What you have to do ::
Could you show all lines in the entries below that contain the string "auto"?

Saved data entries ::
- - -

(* Let $\mathcal{E}=(E,\leq,\sharp)$ be a prime event structure, $C$ a configuration of $\mathcal{E}$, and $e,e'\in E$. Suppose there are processes $P_1,P_2,P_3,P_4$ with $\emptyset\triangleright\textsc{espsi}(\mathcal{E},C)\xrightarrow{\overline{e}e}P_1$, $\emptyset\triangleright P_1\xrightarrow{\overline{e'}e'}P_2$, $\emptyset\triangleright\textsc{espsi}(\mathcal{E},C)\xrightarrow{\overline{e'}e'}P_3$, $\emptyset\triangleright P_3\xrightarrow{\overline{e}e}P_4$, and $P_2=P_4$. Then $e\,||\,e'$ in $\mathcal{E}$.
   Context: A prime event structure is a triple $\mathcal{E}=(E,\leq,\sharp)$ where $E$ is a set of events (names from a nominal set), $\leq$ is a partial order on $E$ with $\{d\mid d\leq e\}$ finite for every $e$, and $\sharp$ is an irreflexive symmetric relation on $E$ with conflict heredity ($d\leq e$ and $d\sharp f$ imply $e\sharp f$). Two events are concurrent, $d\,||\,e$, iff none of $d\leq e$, $e\leq d$, $d\sharp e$ holds. A configuration is a finite, conflict-free, downward-closed subset of $E$. Psi-calculus fragment. Processes: assertion processes $(\!|\Psi|\!)$, output prefixes $\overline{M}\langle N\rangle.P$, case processes $\mathbf{case}\ \varphi_1:P_1,\dots,\varphi_n:P_n$, and parallel compositions (also of infinite families). Frames: $\mathcal{F}((\!|\Psi|\!))=\Psi$, $\mathcal{F}(P\mid Q)=\mathcal{F}(P)\otimes\mathcal{F}(Q)$ (composition over all components for families), and the frame of prefixed and case processes is the unit $\mathbf{1}$. Transitions $\Psi\triangleright P\xrightarrow{\alpha}P'$ are generated by: (Out) if $\Psi\vdash M\leftrightarrow K$ then $\Psi\triangleright\overline{M}\langle N\rangle.P\xrightarrow{\overline{K}N}P$; (Case) if $\Psi\triangleright P_i\xrightarrow{\alpha}P'$ and $\Psi\vdash\varphi_i$ then $\Psi\triangleright\mathbf{case}\ \tilde\varphi:\tilde P\xrightarrow{\alpha}P'$; (Par) if $\Psi\otimes\mathcal{F}(Q)\triangleright P\xrightarrow{\alpha}P'$ then $\Psi\triangleright P\mid Q\xrightarrow{\alpha}P'\mid Q$, symmetrically for $Q$, and for a parallel family one component moves in context $\Psi$ composed with the frames of all other components, the others remaining unchanged. Assertion processes have no transitions. Event-psi instance over $E$: terms are elements of $E$; conditions are pairs $(L,R)$ of subsets of $E$; assertions are subsets of $E$; $\otimes=\cup$; $\mathbf{1}=\emptyset$; entailment: $\Psi\vdash(L,R)$ iff $L\subseteq\Psi$ and $\Psi\cap R=\emptyset$, and $\Psi\vdash a\leftrightarrow b$ iff $a=b$. Translation: $\textsc{espsi}(\mathcal{E},C)=\big|_{e\in E}P_e$ where $P_e=(\!|\{e\}|\!)$ if $e\in C$ and otherwise $P_e=\mathbf{case}\ \varphi_e:\overline{e}\langle e\rangle.(\!|\{e\}|\!)$, with $\varphi_e=(\{d\in E\mid d\leq e,\ d\neq e\},\{d\in E\mid d\sharp e\})$. Processes are compared as $E$-indexed parallel families. The paper writes the transition labelled $\overline{e}e$ simply as $\xrightarrow{e}$. *)

theory Defs
  imports Main
begin

definition prime_es :: "'a set \<Rightarrow> ('a \<Rightarrow> 'a \<Rightarrow> bool) \<Rightarrow> ('a \<Rightarrow> 'a \<Rightarrow> bool) \<Rightarrow> bool" where
  "prime_es E leq cf \<longleftrightarrow>
     (\<forall>d e. leq d e \<longrightarrow> d \<in> E \<and> e \<in> E) \<and>
     (\<forall>e\<in>E. leq e e) \<and>
     (\<forall>d\<in>E. \<forall>e\<in>E. leq d e \<and> leq e d \<longrightarrow> d = e) \<and>
     (\<forall>c\<in>E. \<forall>d\<in>E. \<forall>e\<in>E. leq c d \<and> leq d e \<longrightarrow> leq c e) \<and>
     (\<forall>e\<in>E. finite {d. leq d e}) \<and>
     (\<forall>d e. cf d e \<longrightarrow> d \<in> E \<and> e \<in> E) \<and>
     (\<forall>e. \<not> cf e e) \<and>
     (\<forall>d e. cf d e \<longrightarrow> cf e d) \<and>
     (\<forall>d e f. leq d e \<and> cf d f \<longrightarrow> cf e f)"

definition configuration :: "'a set \<Rightarrow> ('a \<Rightarrow> 'a \<Rightarrow> bool) \<Rightarrow> ('a \<Rightarrow> 'a \<Rightarrow> bool) \<Rightarrow> 'a set \<Rightarrow> bool" where
  "configuration E leq cf C \<longleftrightarrow>
     finite C \<and> C \<subseteq> E \<and> (\<forall>d\<in>C. \<forall>e\<in>C. \<not> cf d e) \<and>
     (\<forall>e\<in>C. \<forall>d. leq d e \<longrightarrow> d \<in> C)"

definition concurrent :: "('a \<Rightarrow> 'a \<Rightarrow> bool) \<Rightarrow> ('a \<Rightarrow> 'a \<Rightarrow> bool) \<Rightarrow> 'a \<Rightarrow> 'a \<Rightarrow> bool" where
  "concurrent leq cf d e \<longleftrightarrow> \<not> leq d e \<and> \<not> leq e d \<and> \<not> cf d e"

type_synonym 'a cond = "'a set \<times> 'a set"

definition entails :: "'a set \<Rightarrow> 'a cond \<Rightarrow> bool" where
  "entails \<Psi> \<phi> \<longleftrightarrow> fst \<phi> \<subseteq> \<Psi> \<and> \<Psi> \<inter> snd \<phi> = {}"

definition chan_eq :: "'a set \<Rightarrow> 'a \<Rightarrow> 'a \<Rightarrow> bool" where
  "chan_eq \<Psi> a b \<longleftrightarrow> a = b"

datatype 'a proc =
    Assert "'a set"
  | Out 'a 'a "'a proc"
  | Case "('a cond \<times> 'a proc) list"
  | Par "'a proc" "'a proc"

datatype 'a label = OutL 'a 'a

fun frame :: "'a proc \<Rightarrow> 'a set" where
  "frame (Assert \<Psi>) = \<Psi>"
| "frame (Out M N P) = {}"
| "frame (Case cs) = {}"
| "frame (Par P Q) = frame P \<union> frame Q"

inductive trans :: "'a set \<Rightarrow> 'a proc \<Rightarrow> 'a label \<Rightarrow> 'a proc \<Rightarrow> bool" where
  OutR: "chan_eq \<Psi> M K \<Longrightarrow> trans \<Psi> (Out M N P) (OutL K N) P"
| CaseR: "(\<phi>, P) \<in> set cs \<Longrightarrow> trans \<Psi> P \<alpha> P' \<Longrightarrow> entails \<Psi> \<phi> \<Longrightarrow> trans \<Psi> (Case cs) \<alpha> P'"
| ParL: "trans (\<Psi> \<union> frame Q) P \<alpha> P' \<Longrightarrow> trans \<Psi> (Par P Q) \<alpha> (Par P' Q)"
| ParR: "trans (\<Psi> \<union> frame P) Q \<alpha> Q' \<Longrightarrow> trans \<Psi> (Par P Q) \<alpha> (Par P Q')"

type_synonym 'a family = "'a \<Rightarrow> 'a proc"

definition fam_trans :: "'a set \<Rightarrow> 'a set \<Rightarrow> 'a family \<Rightarrow> 'a label \<Rightarrow> 'a family \<Rightarrow> bool" where
  "fam_trans E \<Psi> F \<alpha> G \<longleftrightarrow>
     (\<exists>i\<in>E. \<exists>P'. trans (\<Psi> \<union> (\<Union>d\<in>E - {i}. frame (F d))) (F i) \<alpha> P' \<and> G = F(i := P'))"

definition cond_of :: "'a set \<Rightarrow> ('a \<Rightarrow> 'a \<Rightarrow> bool) \<Rightarrow> ('a \<Rightarrow> 'a \<Rightarrow> bool) \<Rightarrow> 'a \<Rightarrow> 'a cond" where
  "cond_of E leq cf e = ({d\<in>E. leq d e \<and> d \<noteq> e}, {d\<in>E. cf d e})"

definition espsi :: "'a set \<Rightarrow> ('a \<Rightarrow> 'a \<Rightarrow> bool) \<Rightarrow> ('a \<Rightarrow> 'a \<Rightarrow> bool) \<Rightarrow> 'a set \<Rightarrow> 'a family" where
  "espsi E leq cf C = (\<lambda>e. if e \<in> C then Assert {e}
                           else Case [(cond_of E leq cf e, Out e e (Assert {e}))])"

end

theory Submission
  imports Defs
begin

text \<open>Every transition of the translation of a configuration C fires an event a \<notin> C whose
  causes lie in C and which conflicts with nothing in C, and the result is the translation of
  the configuration C \<union> {a}. Two interleavings of e and e' thus require e' to be enabled at
  C \<union> {e}, which rules out e \<sharp> e', and both e and e' to be enabled at C, which rules out
  causal dependence in either direction.\<close>

lemma trans_Assert_elim: "\<not> trans \<Psi> (Assert X) \<alpha> P'"
  by (auto elim: trans.cases)

lemma trans_Case_OutD:
  assumes "trans \<Psi> (Case [(\<phi>, Out M N Q)]) (OutL K L) P'"
  shows "K = M \<and> L = N \<and> entails \<Psi> \<phi> \<and> P' = Q"
  using assms by cases (auto elim: trans.cases simp: chan_eq_def)

lemma entails_cond_of_iff:
  "entails \<Psi> (cond_of E leq cf a) \<longleftrightarrow>
     (\<forall>d\<in>E. leq d a \<and> d \<noteq> a \<longrightarrow> d \<in> \<Psi>) \<and> (\<forall>d\<in>E. cf d a \<longrightarrow> d \<notin> \<Psi>)"
  by (auto simp: entails_def cond_of_def)

lemma frame_espsi_others:
  assumes "C \<subseteq> E" and "a \<notin> C"
  shows "(\<Union>d\<in>E - {a}. frame (espsi E leq cf C d)) = C"
  using assms by (auto simp: espsi_def split: if_splits)

lemma espsi_fun_upd_Assert:
  "(espsi E leq cf C)(a := Assert {a}) = espsi E leq cf (insert a C)"
  by (auto simp: espsi_def)

lemma fam_trans_espsi:
  assumes "C \<subseteq> E"
    and "fam_trans E \<Psi> (espsi E leq cf C) (OutL a b) G"
  shows "a \<in> E - C" and "entails (\<Psi> \<union> C) (cond_of E leq cf a)"
    and "G = espsi E leq cf (insert a C)"
proof -
  obtain i P' where "i \<in> E" and G: "G = (espsi E leq cf C)(i := P')"
    and step: "trans (\<Psi> \<union> (\<Union>d\<in>E - {i}. frame (espsi E leq cf C d)))
                 (espsi E leq cf C i) (OutL a b) P'"
    using assms(2) by (auto simp: fam_trans_def)
  have "i \<notin> C"
    using step by (auto simp: espsi_def trans_Assert_elim)
  with step have "trans (\<Psi> \<union> C) (Case [(cond_of E leq cf i, Out i i (Assert {i}))]) (OutL a b) P'"
    by (simp add: frame_espsi_others[OF assms(1)]) (simp add: espsi_def)
  then have "a = i" and "P' = Assert {i}" and "entails (\<Psi> \<union> C) (cond_of E leq cf i)"
    by (auto dest: trans_Case_OutD)
  with \<open>i \<in> E\<close> \<open>i \<notin> C\<close> G show "a \<in> E - C" and "entails (\<Psi> \<union> C) (cond_of E leq cf a)"
    and "G = espsi E leq cf (insert a C)"
    by (simp_all add: espsi_fun_upd_Assert)
qed

theorem mainTheorem4:
  fixes E :: "'a set" and leq cf :: "'a \<Rightarrow> 'a \<Rightarrow> bool" and C :: "'a set"
    and e e' :: 'a and P1 P2 P3 P4 :: "'a family"
  assumes "prime_es E leq cf"
    and "configuration E leq cf C"
    and "e \<in> E" and "e' \<in> E"
    and "fam_trans E {} (espsi E leq cf C) (OutL e e) P1"
    and "fam_trans E {} P1 (OutL e' e') P2"
    and "fam_trans E {} (espsi E leq cf C) (OutL e' e') P3"
    and "fam_trans E {} P3 (OutL e e) P4"
    and "P2 = P4"
  shows "concurrent leq cf e e'"
proof -
  have "C \<subseteq> E"
    using assms(2) by (simp add: configuration_def)
  note first_e = fam_trans_espsi[OF this assms(5)]
  note first_e' = fam_trans_espsi[OF \<open>C \<subseteq> E\<close> assms(7)]
  have "insert e C \<subseteq> E"
    using \<open>C \<subseteq> E\<close> assms(3) by simp
  note then_e' = fam_trans_espsi[OF this assms(6)[unfolded first_e(3)]]
  have "\<not> cf e e'"
    using then_e'(2) assms(3) by (auto simp: entails_cond_of_iff)
  moreover have "\<not> leq e e'"
    using first_e'(2) first_e(1) then_e'(1) assms(3) by (auto simp: entails_cond_of_iff)
  moreover have "\<not> leq e' e"
    using first_e(2) first_e'(1) then_e'(1) assms(4) by (auto simp: entails_cond_of_iff)
  ultimately show ?thesis
    by (simp add: concurrent_def)
qed

end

- - -

Exercise solution ::
  by (auto elim: trans.cases)
  using assms by cases (auto elim: trans.cases simp: chan_eq_def)
  by (auto simp: entails_def cond_of_def)
  using assms by (auto simp: espsi_def split: if_splits)
  by (auto simp: espsi_def)
    using assms(2) by (auto simp: fam_trans_def)
    using step by (auto simp: espsi_def trans_Assert_elim)
    by (auto dest: trans_Case_OutD)
    using then_e'(2) assms(3) by (auto simp: entails_cond_of_iff)
    using first_e'(2) first_e(1) then_e'(1) assms(3) by (auto simp: entails_cond_of_iff)
    using first_e(2) first_e'(1) then_e'(1) assms(4) by (auto simp: entails_cond_of_iff)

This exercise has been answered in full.